6. Kurangnya transfer of knowledge dari dr. Spesialis ke tenaga
kesehatan
Permasalahan ini harus didiskusikan kembali dengan dr. spesialis
Obgyn agar meluangkan waktu untuk membahas ilmu tentang
obstetrik dan ginekologi kepada tenaga kesehatan.
Sumber Daya Manusia:
7. Adanya pasien risti yang bukan masyarakat wilayah Cangkol
Dengan adanya masyarakat yang andon dengan resiko tinggi ini, akan
mempersulit data rekapitulasi pasien yang resiko tinggi di kelurahan
Lemahwungkuk sehingga angka kematian atau kesakitan di kelurahan
Lemahwungkuk tidak valid
8. Kurangnya tenaga analis laboratorium
Kurangnya tenaga kesehatan analis yang menyebabkan kurangnya
pemeriksaan penunjang di ruang laboratorium sederhana puskesmas
Cangkol sehingga tidak semua pemeriksaan laboratorium dapat
tercover di puskesmas Cangkol
9. Tidak adanya dr. Spesialis Jantung (RSBM) di Puskesmas Cangkol
Kurangnya tenaga medis kesehatan yaitu dr. Spesialis Jantung di
Puskesas Cangkol sehingga pasien yang mempunyai penyakit jantung
harus dirujuk ke RS rujukan RSBM.
10. Perawat dan bidan belum mengikuti pelatihan PONED
12
Kurangnya tenaga medis terutama perawat dan bidan yang belum
bersertifikat PONED sehingga harus dilaksanakan pelatihan atau on
job training di RS PONEK. Karena salah satu syarat Puskesmas
PONED harus memiliki perawat dan bidan yang bersertifikat PONED.
Sarana dan Prasarana
11. RS rujukan RSBM (RS Gunung Jati) yang belum dimanfaatkan secara
optimal atau kamar sering penuh
Kurangnya kamar terutama ruang NICU dan PICU di RS Gunung Jati
sehingga menyebabkan pelayanan rumah sakit untuk pasien RSBM
kota Cirebon yang kurang optimal.
12. Alat-alat pemeriksaan yang belum dimaksimalkan
Puskesmas Cangkol memiliki inkubator dan alat pemeriksaan
ultrasonografi dalam menunjang pelayanan PONED namun
ketersediaan sarana tersebut belum dapat dimaksimalkan dalam
penggunaannya dikarenakan belum adanya tenaga terlatih yang
khusus menangani, merawat, dan menggunakan sarana tersebut.

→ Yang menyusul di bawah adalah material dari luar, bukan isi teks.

(* The hypothesis-variant problem is GI-hard. This problem takes as input two finite sets of constant-free rules (hypotheses) $h_1,h_2$ and asks whether $h_1$ and $h_2$ are hypothesis-variants of each other.
   Context: A rule $r$ has the form $h\leftarrow p_1,\dots,p_n$, where $h,p_1,\dots,p_n$ are literals. Here $head(r)=h$ and $body(r)=\{p_1,\dots,p_n\}$. We write $vars(l)$ for the variables of a literal $l$. We set $head\_vars(r)=vars(head(r))$ and $body\_vars(r)=\bigcup_{l\in body(r)}vars(l)$. The body-only variables of $r$ are $body\_vars(r)\setminus head\_vars(r)$. A rule $r'$ is a body-variant of a rule $r$ if there is a bijective renaming $\sigma$ from the body-only variables of $r$ to the body-only variables of $r'$, extended by the identity on all other variables, such that $r\sigma=r'$. A hypothesis is a finite set of rules. A hypothesis $h'$ is a variant of a hypothesis $h$ if there is a bijection $f$ from the rules of $h'$ to the rules of $h$ such that every $r\in h'$ is a body-variant of $f(r)$. Two hypotheses are hypothesis-variants of each other if each is a variant of the other. A problem is GI-hard if graph isomorphism for finite undirected graphs is polynomial-time reducible to it. *)

theory Defs
  imports Main
begin

text \<open>Variables and predicate symbols are natural numbers. A literal is a predicate
symbol applied to a list of variables; there are no constants, so every rule built
from these literals is constant-free.\<close>

datatype lit = Lit (pred: nat) (args: "nat list")

datatype rule = Rule (head: lit) (body: "lit set")
lemma bt_between_image_cells:
  assumes "x \<in> domain s" "y \<in> domain s"
    and "idx s (inv_into (domain s) (T s) x) \<noteq> idx s (inv_into (domain s) (T s) y)"
  shows "\<exists>l\<in>{1..n-1}. bt l \<in> closed_segment x y"
proof -
  let ?g = "inv_into (domain s) (T s)"
  have g: "?g z \<in> domain s" "T s (?g z) = z" if "z \<in> domain s" for z
    using bij_betw_apply[OF bij_betw_inv_into[OF T_bij]] bij_betw_inv_into_right[OF T_bij] that
    by auto
  have "\<tau> (idx s (?g x)) \<noteq> \<tau> (idx s (?g y))"
    using assms(3) idx(1) g assms(1,2) tau_bij by (metis bij_betw_inv_into_left)
  then show ?thesis
    using tgt.point_between_cells[OF tau_in tau_in] idx(1) T_cell g assms(1,2) by metis
qed

lemma T_left_endpoint: "i \<in> {1..n} \<Longrightarrow> T True (b (i - 1)) = bt (\<tau> i - 1)"
  using src.strict_mono_upto[of i "i - 1"] idx_eqI[of i "b (i - 1)" True]
  by (simp add: T_def half_open_def)

lemma R_in_domain: "x \<in> iet_R n a \<tau> \<Longrightarrow> x \<in> domain True"
  by (auto simp: iet_R_def iet_Dinf_def domain_True)

lemma D_in_domain: "d \<in> iet_D n a \<Longrightarrow> d \<in> domain True"
proof -
  assume "d \<in> iet_D n a"
  then obtain l where l: "l \<in> {1..n-1}" "d = b l" by (auto simp: iet_D_def)
  then have "b 0 < b l" "b l < b n" by (auto intro!: src.strict_mono_upto)
  then show ?thesis using l(2) src.start src.finish by (simp add: domain_True)
qed

lemma R_orbit_avoids:
  assumes "x \<in> iet_R n a \<tau>" "d \<in> iet_D n a" shows "iter k x \<noteq> iter j d"
proof
  assume "iter k x = iter j d"
  moreover have "d \<in> domain True" using assms(2) by (rule D_in_domain)
  ultimately have "x = iter (- k + j) d"
    using iter_int_cancel[OF fwd.bij R_in_domain[OF assms(1)], of k] iter_int_add[OF fwd.bij]
    by metis
  then show False using assms by (auto simp: iet_R_def iet_Dinf_def iet_T_eq domain_True)
qed

text \<open>bt l is the image of the left endpoint of the cell sent to position l + 1; when that
  endpoint is 0, it is itself the image of the left endpoint of the cell sent to position 1.\<close>
lemma bt_in_orbit_of_D:
  assumes "l \<in> {1..n-1}" shows "\<exists>d\<in>iet_D n a. \<exists>j. bt l = iter j d"
proof -
  have "l + 1 \<in> {1..n}" using assms by auto
  then obtain i where i: "i \<in> {1..n}" "\<tau> i = l + 1" using tau_surj by blast
  have Ti: "T True (b (i - 1)) = bt l" using T_left_endpoint[OF i(1)] i(2) by simp
  show ?thesis
  proof (cases "i = 1")
    case False
    then have "b (i - 1) \<in> iet_D n a" using i(1) unfolding iet_D_def by (intro imageI) auto
    moreover have "bt l = iter 1 (b (i - 1))" using Ti iter_int_of_nat[OF fwd.bij, of 1] by simp
    ultimately show ?thesis by blast
  next
    case True
    have "1 \<in> {1..n}" using assms by auto
    then obtain i' where i': "i' \<in> {1..n}" "\<tau> i' = 1" using tau_surj by blast
    with True i assms have "i' \<noteq> 1" by auto
    then have "b (i' - 1) \<in> iet_D n a" using i'(1) unfolding iet_D_def by (intro imageI) auto
    moreover have "T True (b (i' - 1)) = b (i - 1)"
      using T_left_endpoint[OF i'(1)] i'(2) True src.start tgt.start by simp
    then have "bt l = iter 2 (b (i' - 1))"
      using Ti iter_int_of_nat[OF fwd.bij, of 2] by (simp add: numeral_2_eq_2)
    ultimately show ?thesis by blast
  qed
qed

lemma R_orbit_avoids_b: "x \<in> iet_R n a \<tau> \<Longrightarrow> l \<in> {1..n-1} \<Longrightarrow> iter k x \<noteq> b l"
  using R_orbit_avoids[of x "b l" k 0] by (auto simp: iet_D_def iter_int_def)

lemma R_orbit_avoids_bt: "x \<in> iet_R n a \<tau> \<Longrightarrow> l \<in> {1..n-1} \<Longrightarrow> iter k x \<noteq> bt l"
  using bt_in_orbit_of_D R_orbit_avoids by metis

lemma closure_X0_agrees_on_finite:
  assumes "\<beta> \<in> iet_X n a \<tau>" "finite I"
  obtains y where "y \<in> iet_R n a \<tau>" "\<And>i. i \<in> I \<Longrightarrow> fwd.itinerary y i = \<beta> i"
  using closure_agrees_on_finite[OF assms(1)[unfolded iet_X_def] assms(2)] that
  unfolding iet_X0_def iet_itin_eq by blast
lemma strip_weight_ge_1:
  assumes w0: "w 0 = Zero" and u0: "u 0 = Zero"
    and tail: "\<And>i. i \<ge> M \<Longrightarrow> w i = Zero \<and> u i = Zero"
    and nonzero: "w j \<noteq> Zero \<or> u j \<noteq> Zero"
  shows "strip_weight M w u \<ge> 1"
proof -
  have "j < M" using tail nonzero by (metis not_le)
  obtain j' where j': "j' < Suc M" "\<not> (w (j' - 1) = Zero \<and> u j' = Zero)"
  proof (cases "u j = Zero")
    case True
    then show ?thesis using that[of "Suc j"] nonzero \<open>j < M\<close> by auto
  qed (use that[of j] \<open>j < M\<close> in auto)
  show ?thesis unfolding strip_weight_def
  proof (rule telescope_credit[where p = "\<lambda>i. mismatch (w (i - 1)) (u i)"
        and z = "\<lambda>i. w (i - 1) = Zero \<and> u i = Zero"])
    fix i
    show "2 * of_bool (node_pattern (u i) (w (i - 1)) (w i)) + no_flip (u i) (u (Suc i))
        - no_flip (w (i - 1)) (w i)
      \<ge> mismatch (w (Suc i - 1)) (u (Suc i)) - mismatch (w (i - 1)) (u i)
        + (if \<not> (w (i - 1) = Zero \<and> u i = Zero) \<and> (w (Suc i - 1) = Zero \<and> u (Suc i) = Zero)
           then 1 else 0)"
      unfolding diff_Suc_1 by (rule local_weight)
  qed (use w0 u0 tail[of M] tail[of "Suc M"] j' in \<open>auto simp: mismatch_def\<close>)
qed

lemma strip_weight_upper_zero:
  assumes w0: "w 0 = Zero" and u_zero: "\<And>i. u i = Zero"
    and tail: "\<And>i. i \<ge> M \<Longrightarrow> w i = Zero" and nonzero: "w j \<noteq> Zero"
  shows "strip_weight M w u \<ge> 3"
proof -
  have "j < M" using tail nonzero by (metis not_le)
  show ?thesis unfolding strip_weight_def u_zero
  proof (rule telescope_credit[where p = "\<lambda>i. 2 * of_bool (w (i - 1) \<noteq> Zero)"
        and z = "\<lambda>i. w (i - 1) = Zero" and j = "Suc j"])
    fix i
    show "2 * of_bool (node_pattern Zero (w (i - 1)) (w i)) + no_flip Zero Zero - no_flip (w (i - 1)) (w i)
      \<ge> 2 * of_bool (w (Suc i - 1) \<noteq> Zero) - 2 * of_bool (w (i - 1) \<noteq> Zero)
        + (if w (i - 1) \<noteq> Zero \<and> w (Suc i - 1) = Zero then 3 else 0)"
      unfolding diff_Suc_1 by (rule local_weight_upper_zero)
  qed (use w0 tail[of M] \<open>j < M\<close> nonzero in auto)
qed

Penggunaan alat USG secara maksimal dapat membantu dalam
penapisan kehamilan risiko tinggi dan menentukan prognosis dari
persalinan. Penggunaan inkubator penting bagi pelayanan neonatus
dan bayi muda, serta sebagai alat tatalaksana dalam kasus-kasuss bayi
risti tertentu seperti bayi dengan ikterus dan hipotermia. Belum
maksimalnya penggunaan sarana tersebut disayangkan karena sarana
tersebut penting dalam pelayanan PONED.
13. Belum terpenuhinya syarat Puskesmas PONED
Belum tersedianya rawat inap, tenaga kesehatan belum tersertifikasi
dan luas tanah yang belum memenuhi fasilitas PONED.

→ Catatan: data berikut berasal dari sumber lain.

(* Consider $J$ portfolios; portfolio $j$ consists of a set $\mathcal{I}_j$ of independent accounts with standard deviations $\sigma_i>0$ ($i\in\mathcal{I}_j$) and a dependent block $\mathcal{D}_j$ of $|\mathcal{D}_j|$ accounts whose total has standard deviation $\sigma_{\mathcal{D},j}\ge0$ (with $\sigma_{\mathcal{D},j}\sqrt{|\mathcal{D}_j|}=0$ if $\mathcal{D}_j=\emptyset$). Let $C>0$ be the budget and $V_j>0$ the variance bounds. Put $\gamma_j=\sigma_{\mathcal{D},j}\sqrt{|\mathcal{D}_j|}+\sum_{i\in\mathcal{I}_j}\sigma_i>0$ and $\epsilon_j=\gamma_j/V_j$. For a working set $\mathcal{B}\subsetneq\{1,\dots,J\}$ put $C^{\mathcal{B}}_{\mathrm{Rem}}=C-\sum_{j\in\mathcal{B}}\gamma_j\epsilon_j$, $d^{\mathcal{B}}=\sum_{j\notin\mathcal{B}}\gamma_j$, $\alpha(\mathcal{B})=C^{\mathcal{B}}_{\mathrm{Rem}}/d^{\mathcal{B}}$, and $e_j(\mathcal{B})=\epsilon_j$ if $j\in\mathcal{B}$, $e_j(\mathcal{B})=\alpha(\mathcal{B})$ if $j\notin\mathcal{B}$. The allocation $\mathbf{R}^\ast(\mathcal{B})$ assigns $R_i=\sigma_i e_j(\mathcal{B})$ realisations to $i\in\mathcal{I}_j$ and $r_j=\frac{\sigma_{\mathcal{D},j}}{\sqrt{|\mathcal{D}_j|}}e_j(\mathcal{B})$ to each account of $\mathcal{D}_j$; under it the variance of the estimator of portfolio $j$'s expected collections is $\operatorname{Var}_{\mathcal{B}}(\hat\mu_j)=\sigma^2_{\mathcal{D},j}/r_j+\sum_{i\in\mathcal{I}_j}\sigma_i^2/R_i=\gamma_j/e_j(\mathcal{B})$ when $e_j(\mathcal{B})>0$, and we set $\operatorname{Var}_{\mathcal{B}}(\hat\mu_j)=+\infty$ if $e_j(\mathcal{B})\le0$ (no budget left). Suppose $\alpha(\mathcal{B})>0$, that at least two indices lie outside $\mathcal{B}$, and that some $j'\notin\mathcal{B}$ has $\operatorname{Var}_{\mathcal{B}}(\hat\mu_{j'})>V_{j'}$. Let $\mathcal{B}^+=\mathcal{B}\cup\{j'\}$. Then for every $j\notin\mathcal{B}^+$, $\operatorname{Var}_{\mathcal{B}^+}(\hat\mu_j)>\operatorname{Var}_{\mathcal{B}}(\hat\mu_j)$.
   Context: This concerns the relaxed allocation problem: choose positive reals $r_j$ (common realisation number for accounts of $\mathcal{D}_j$) and $R_i$ ($i\in\mathcal{I}=\cup_j\mathcal{I}_j$) to minimise $\sum_j\big(\sigma^2_{\mathcal{D},j}/r_j+\sum_{i\in\mathcal{I}_j}\sigma_i^2/R_i\big)$ subject to $\sum_j r_j|\mathcal{D}_j|+\sum_{i\in\mathcal{I}}R_i=C$ and $\sigma^2_{\mathcal{D},j}/r_j+\sum_{i\in\mathcal{I}_j}\sigma_i^2/R_i\le V_j$ for all $j$. $\mathbf{R}^\ast(\mathcal{B})$ is the solution of the stationarity equations of the Lagrangian when the constraints in $\mathcal{B}$ are active (hold with equality) and the others have zero multiplier. *)

theory Defs
  imports "HOL-Analysis.Analysis" "HOL-Library.Extended_Real"
begin

text \<open>Portfolio j has independent accounts I j
 (a finite set of accounts of type 'a) with standard deviations sg i, and a dependent block
 of nD j accounts whose total has standard deviation sigD j.\<close>

definition gam :: "(nat \<Rightarrow> real) \<Rightarrow> (nat \<Rightarrow> nat) \<Rightarrow> ('a \<Rightarrow> real) \<Rightarrow> (nat \<Rightarrow> 'a set) \<Rightarrow> nat \<Rightarrow> real" where
  "gam sigD nD sg I j = sigD j * sqrt (real (nD j)) + (\<Sum>i\<in>I j. sg i)"

definition epsl :: "(nat \<Rightarrow> real) \<Rightarrow> (nat \<Rightarrow> nat) \<Rightarrow> ('a \<Rightarrow> real) \<Rightarrow> (nat \<Rightarrow> 'a set) \<Rightarrow> (nat \<Rightarrow> real) \<Rightarrow> nat \<Rightarrow> real" where
  "epsl sigD nD sg I V j = gam sigD nD sg I j / V j"

definition CRem :: "(nat \<Rightarrow> real) \<Rightarrow> (nat \<Rightarrow> nat) \<Rightarrow> ('a \<Rightarrow> real) \<Rightarrow> (nat \<Rightarrow> 'a set) \<Rightarrow> (nat \<Rightarrow> real) \<Rightarrow> real \<Rightarrow> nat set \<Rightarrow> real" where
  "CRem sigD nD sg I V C B = C - (\<Sum>j\<in>B. gam sigD nD sg I j * epsl sigD nD sg I V j)"

definition dB :: "(nat \<Rightarrow> real) \<Rightarrow> (nat \<Rightarrow> nat) \<Rightarrow> ('a \<Rightarrow> real) \<Rightarrow> (nat \<Rightarrow> 'a set) \<Rightarrow> nat \<Rightarrow> nat set \<Rightarrow> real" where
  "dB sigD nD sg I J B = (\<Sum>j\<in>{1..J} - B. gam sigD nD sg I j)"

definition alphaB :: "(nat \<Rightarrow> real) \<Rightarrow> (nat \<Rightarrow> nat) \<Rightarrow> ('a \<Rightarrow> real) \<Rightarrow> (nat \<Rightarrow> 'a set) \<Rightarrow> (nat \<Rightarrow> real) \<Rightarrow> real \<Rightarrow> nat \<Rightarrow> nat set \<Rightarrow> real" where
  "alphaB sigD nD sg I V C J B = CRem sigD nD sg I V C B / dB sigD nD sg I J B"

definition eB :: "(nat \<Rightarrow> real) \<Rightarrow> (nat \<Rightarrow> nat) \<Rightarrow> ('a \<Rightarrow> real) \<Rightarrow> (nat \<Rightarrow> 'a set) \<Rightarrow> (nat \<Rightarrow> real) \<Rightarrow> real \<Rightarrow> nat \<Rightarrow> nat set \<Rightarrow> nat \<Rightarrow> real" where
  "eB sigD nD sg I V C J B j =
     (if j \<in> B then epsl sigD nD sg I V j else alphaB sigD nD sg I V C J B)"

definition rdep :: "(nat \<Rightarrow> real) \<Rightarrow> (nat \<Rightarrow> nat) \<Rightarrow> ('a \<Rightarrow> real) \<Rightarrow> (nat \<Rightarrow> 'a set) \<Rightarrow> (nat \<Rightarrow> real) \<Rightarrow> real \<Rightarrow> nat \<Rightarrow> nat set \<Rightarrow> nat \<Rightarrow> real" where
  "rdep sigD nD sg I V C J B j = sigD j / sqrt (real (nD j)) * eB sigD nD sg I V C J B j"

definition Rind :: "(nat \<Rightarrow> real) \<Rightarrow> (nat \<Rightarrow> nat) \<Rightarrow> ('a \<Rightarrow> real) \<Rightarrow> (nat \<Rightarrow> 'a set) \<Rightarrow> (nat \<Rightarrow> real) \<Rightarrow> real \<Rightarrow> nat \<Rightarrow> nat set \<Rightarrow> nat \<Rightarrow> 'a \<Rightarrow> real" where
  "Rind sigD nD sg I V C J B j i = sg i * eB sigD nD sg I V C J B j"

definition VarB :: "(nat \<Rightarrow> real) \<Rightarrow> (nat \<Rightarrow> nat) \<Rightarrow> ('a \<Rightarrow> real) \<Rightarrow> (nat \<Rightarrow> 'a set) \<Rightarrow> (nat \<Rightarrow> real) \<Rightarrow> real \<Rightarrow> nat \<Rightarrow> nat set \<Rightarrow> nat \<Rightarrow> ereal" where
  "VarB sigD nD sg I V C J B j =
     (if eB sigD nD sg I V C J B j > 0 then
        ereal ((if nD j = 0 then 0 else (sigD j)\<^sup>2 / rdep sigD nD sg I V C J B j)
               + (\<Sum>i\<in>I j. (sg i)\<^sup>2 / Rind sigD nD sg I V C J B j i))
      else \<infinity>)"

end

theory Submission
  imports Defs
begin

text \<open>Under \<open>R*(B)\<close> the variance of an estimator is \<open>\<gamma>\<^sub>j / e\<^sub>j(B)\<close>, so it suffices
  to show that adding the violating index \<open>j'\<close> lowers the common level \<open>\<alpha>\<close> of the free
  portfolios. Moving \<open>j'\<close> into the working set takes \<open>\<gamma>\<^sub>j'\<close> out of the denominator of \<open>\<alpha>\<close>
  and \<open>\<gamma>\<^sub>j' \<epsilon>\<^sub>j'\<close> out of its numerator; the violation means exactly \<open>\<epsilon>\<^sub>j' > \<alpha>(B)\<close>, so the
  removed part has ratio above \<open>\<alpha>(B)\<close> and the remaining ratio \<open>\<alpha>(B\<^sup>+)\<close> drops below \<open>\<alpha>(B)\<close>.\<close>

lemma VarB_eq_gam_div_eB:
  assumes "finite (I j)" and "\<And>i. i \<in> I j \<Longrightarrow> sg i > 0"
    and "eB sigD nD sg I V C J B j > 0"
  shows "VarB sigD nD sg I V C J B j = ereal (gam sigD nD sg I j / eB sigD nD sg I V C J B j)"
proof -
  define e where "e = eB sigD nD sg I V C J B j"
  have e_pos: "e > 0" using assms(3) by (simp add: e_def)
  have dependent: "(if nD j = 0 then 0 else (sigD j)\<^sup>2 / rdep sigD nD sg I V C J B j)
      = sigD j * sqrt (real (nD j)) / e"
  proof (cases "nD j = 0 \<or> sigD j = 0")
    case False
    then have "sqrt (real (nD j)) > 0" by simp
    with False e_pos show ?thesis
      unfolding rdep_def e_def[symmetric] by (simp add: field_simps power2_eq_square)
  qed (auto simp: rdep_def)
  have independent: "(\<Sum>i\<in>I j. (sg i)\<^sup>2 / Rind sigD nD sg I V C J B j i) = (\<Sum>i\<in>I j. sg i) / e"
    unfolding sum_divide_distrib
  proof (rule sum.cong)
    fix i assume "i \<in> I j"
    with assms(2) e_pos show "(sg i)\<^sup>2 / Rind sigD nD sg I V C J B j i = sg i / e"
      unfolding Rind_def e_def[symmetric] by (simp add: field_simps power2_eq_square)
  qed simp
  show ?thesis
    unfolding VarB_def e_def[symmetric] using e_pos dependent independent
    by (simp add: gam_def add_divide_distrib)
qed

lemma VarB_less_if_eB_less:
  assumes "finite (I j)" and "\<And>i. i \<in> I j \<Longrightarrow> sg i > 0" and "gam sigD nD sg I j > 0"
    and e_pos: "eB sigD nD sg I V C J B j > 0"
    and e_less: "eB sigD nD sg I V C J B' j < eB sigD nD sg I V C J B j"
  shows "VarB sigD nD sg I V C J B j < VarB sigD nD sg I V C J B' j"
proof (cases "eB sigD nD sg I V C J B' j > 0")
  case True
  with assms show ?thesis
    by (simp add: VarB_eq_gam_div_eB frac_less2)
next
  case False
  with assms show ?thesis
    by (simp add: VarB_eq_gam_div_eB) (simp add: VarB_def)
qed

lemma dB_insert:
  assumes "j' \<in> {1..J} - B"
  shows "dB sigD nD sg I J B = dB sigD nD sg I J (insert j' B) + gam sigD nD sg I j'"
proof -
  have "{1..J} - insert j' B = ({1..J} - B) - {j'}" by blast
  then show ?thesis
    unfolding dB_def using sum.remove[OF _ assms, of "gam sigD nD sg I"] by simp
qed

lemma CRem_insert:
  assumes "finite B" and "j' \<notin> B"
  shows "CRem sigD nD sg I V C (insert j' B)
    = CRem sigD nD sg I V C B - gam sigD nD sg I j' * epsl sigD nD sg I V j'"
  unfolding CRem_def using assms by simp

lemma diff_div_less_div_add:
  fixes c d g x :: real
  assumes "0 < g" and "0 < d" and "c / (d + g) < x"
  shows "(c - g * x) / d < c / (d + g)"
proof -
  have "c < x * (d + g)" using assms by (simp add: divide_less_eq)
  then have "g * c < g * (x * (d + g))" using \<open>0 < g\<close> by (rule mult_strict_left_mono)
  then have "(c - g * x) * (d + g) < c * d" by (simp add: algebra_simps)
  with assms show ?thesis by (simp add: divide_less_eq less_divide_eq)
qed

lemma alphaB_insert_less:
  assumes "B \<subseteq> {1..J}" and j'_out: "j' \<in> {1..J} - B"
    and "gam sigD nD sg I j' > 0" and "dB sigD nD sg I J (insert j' B) > 0"
    and "alphaB sigD nD sg I V C J B < epsl sigD nD sg I V j'"
  shows "alphaB sigD nD sg I V C J (insert j' B) < alphaB sigD nD sg I V C J B"
proof -
  have "finite B" using assms(1) finite_subset by blast
  with assms show ?thesis
    unfolding alphaB_def dB_insert[OF j'_out, of sigD nD sg I]
    by (simp add: CRem_insert diff_div_less_div_add)
qed

theorem lemma5:
  fixes J :: nat and I :: "nat \<Rightarrow> 'a set" and sg :: "'a \<Rightarrow> real"
    and sigD :: "nat \<Rightarrow> real" and nD :: "nat \<Rightarrow> nat"
    and V :: "nat \<Rightarrow> real" and C :: real and B :: "nat set" and j' :: nat
  assumes finI: "\<And>j. j \<in> {1..J} \<Longrightarrow> finite (I j)"
    and sigma_pos: "\<And>j i. j \<in> {1..J} \<Longrightarrow> i \<in> I j \<Longrightarrow> sg i > 0"
    and sigD_nonneg: "\<And>j. j \<in> {1..J} \<Longrightarrow> sigD j \<ge> 0"
    and gam_pos: "\<And>j. j \<in> {1..J} \<Longrightarrow> gam sigD nD sg I j > 0"
    and C_pos: "C > 0"
    and V_pos: "\<And>j. j \<in> {1..J} \<Longrightarrow> V j > 0"
    and B_sub: "B \<subset> {1..J}"
    and alpha_pos: "alphaB sigD nD sg I V C J B > 0"
    and two_out: "card ({1..J} - B) \<ge> 2"
    and j'_out: "j' \<in> {1..J} - B"
    and j'_viol: "VarB sigD nD sg I V C J B j' > ereal (V j')"
  shows "\<forall>j \<in> {1..J} - insert j' B.
           VarB sigD nD sg I V C J (insert j' B) j > VarB sigD nD sg I V C J B j"
proof
  fix j assume j: "j \<in> {1..J} - insert j' B"
  let ?\<alpha> = "alphaB sigD nD sg I V C J B"
  have j'_in: "j' \<in> {1..J}" using j'_out by simp
  have "eB sigD nD sg I V C J B j' = ?\<alpha>" using j'_out by (simp add: eB_def)
  with alpha_pos have "VarB sigD nD sg I V C J B j' = ereal (gam sigD nD sg I j' / ?\<alpha>)"
    using VarB_eq_gam_div_eB[of I j' sg] finI[OF j'_in] sigma_pos[OF j'_in] by simp
  with j'_viol have "V j' < gam sigD nD sg I j' / ?\<alpha>" by simp
  with alpha_pos V_pos j'_out have \<epsilon>_above: "?\<alpha> < epsl sigD nD sg I V j'"
    by (simp add: epsl_def field_simps)
  have "gam sigD nD sg I j \<le> dB sigD nD sg I J (insert j' B)"
    unfolding dB_def by (rule member_le_sum) (use j gam_pos in \<open>auto intro: less_imp_le\<close>)
  with j gam_pos have "dB sigD nD sg I J (insert j' B) > 0" by fastforce
  with B_sub j'_out gam_pos \<epsilon>_above
  have "alphaB sigD nD sg I V C J (insert j' B) < ?\<alpha>" by (simp add: alphaB_insert_less)
  with j have "eB sigD nD sg I V C J (insert j' B) j < eB sigD nD sg I V C J B j"
    by (simp add: eB_def)
  with j finI sigma_pos gam_pos alpha_pos show "VarB sigD nD sg I V C J B j
      < VarB sigD nD sg I V C J (insert j' B) j"
    by (intro VarB_less_if_eB_less) (auto simp: eB_def)
qed

end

14. Belum tersedianya ruangan untuk pasien rawat inap
Kurangnya luas tanah dan fasilitas untuk rawat inap di Puskesmas
Cangkol
15. Kurangnya fasilitas untuk perawatan neonatal
Belum optimalnya penggunaan box bayi dengan inkubator
13
16. Belum maksimalnya penanganan kegawatdaruratan dan fasilitas yang
dibutuhkan
Kurangnya tenaga kesehatan mampu PONED dan fasilitas yang belum
optimal
Dana
17. Terbatasnya biaya operasional puskesmas
Kesehatan yang disediakan oleh pemerintah dari APBD untuk
pelayanan kesehatan tidak selalu mencukupi kebutuhan. Hal tersebut
terkait manajemen baik dari pemerintah maupun pelayanan kesehatan
dan kebutuhan masyarakat di pusat pelayanan kesehatan primer.
Penggunaan anggaran yang diberikan pemerintah diutamakan untuk
pelaksanaan program dasar puskesmas sehingga tidak semua program
kesehatan yang direncanakan puskesmas dapat terlaksana.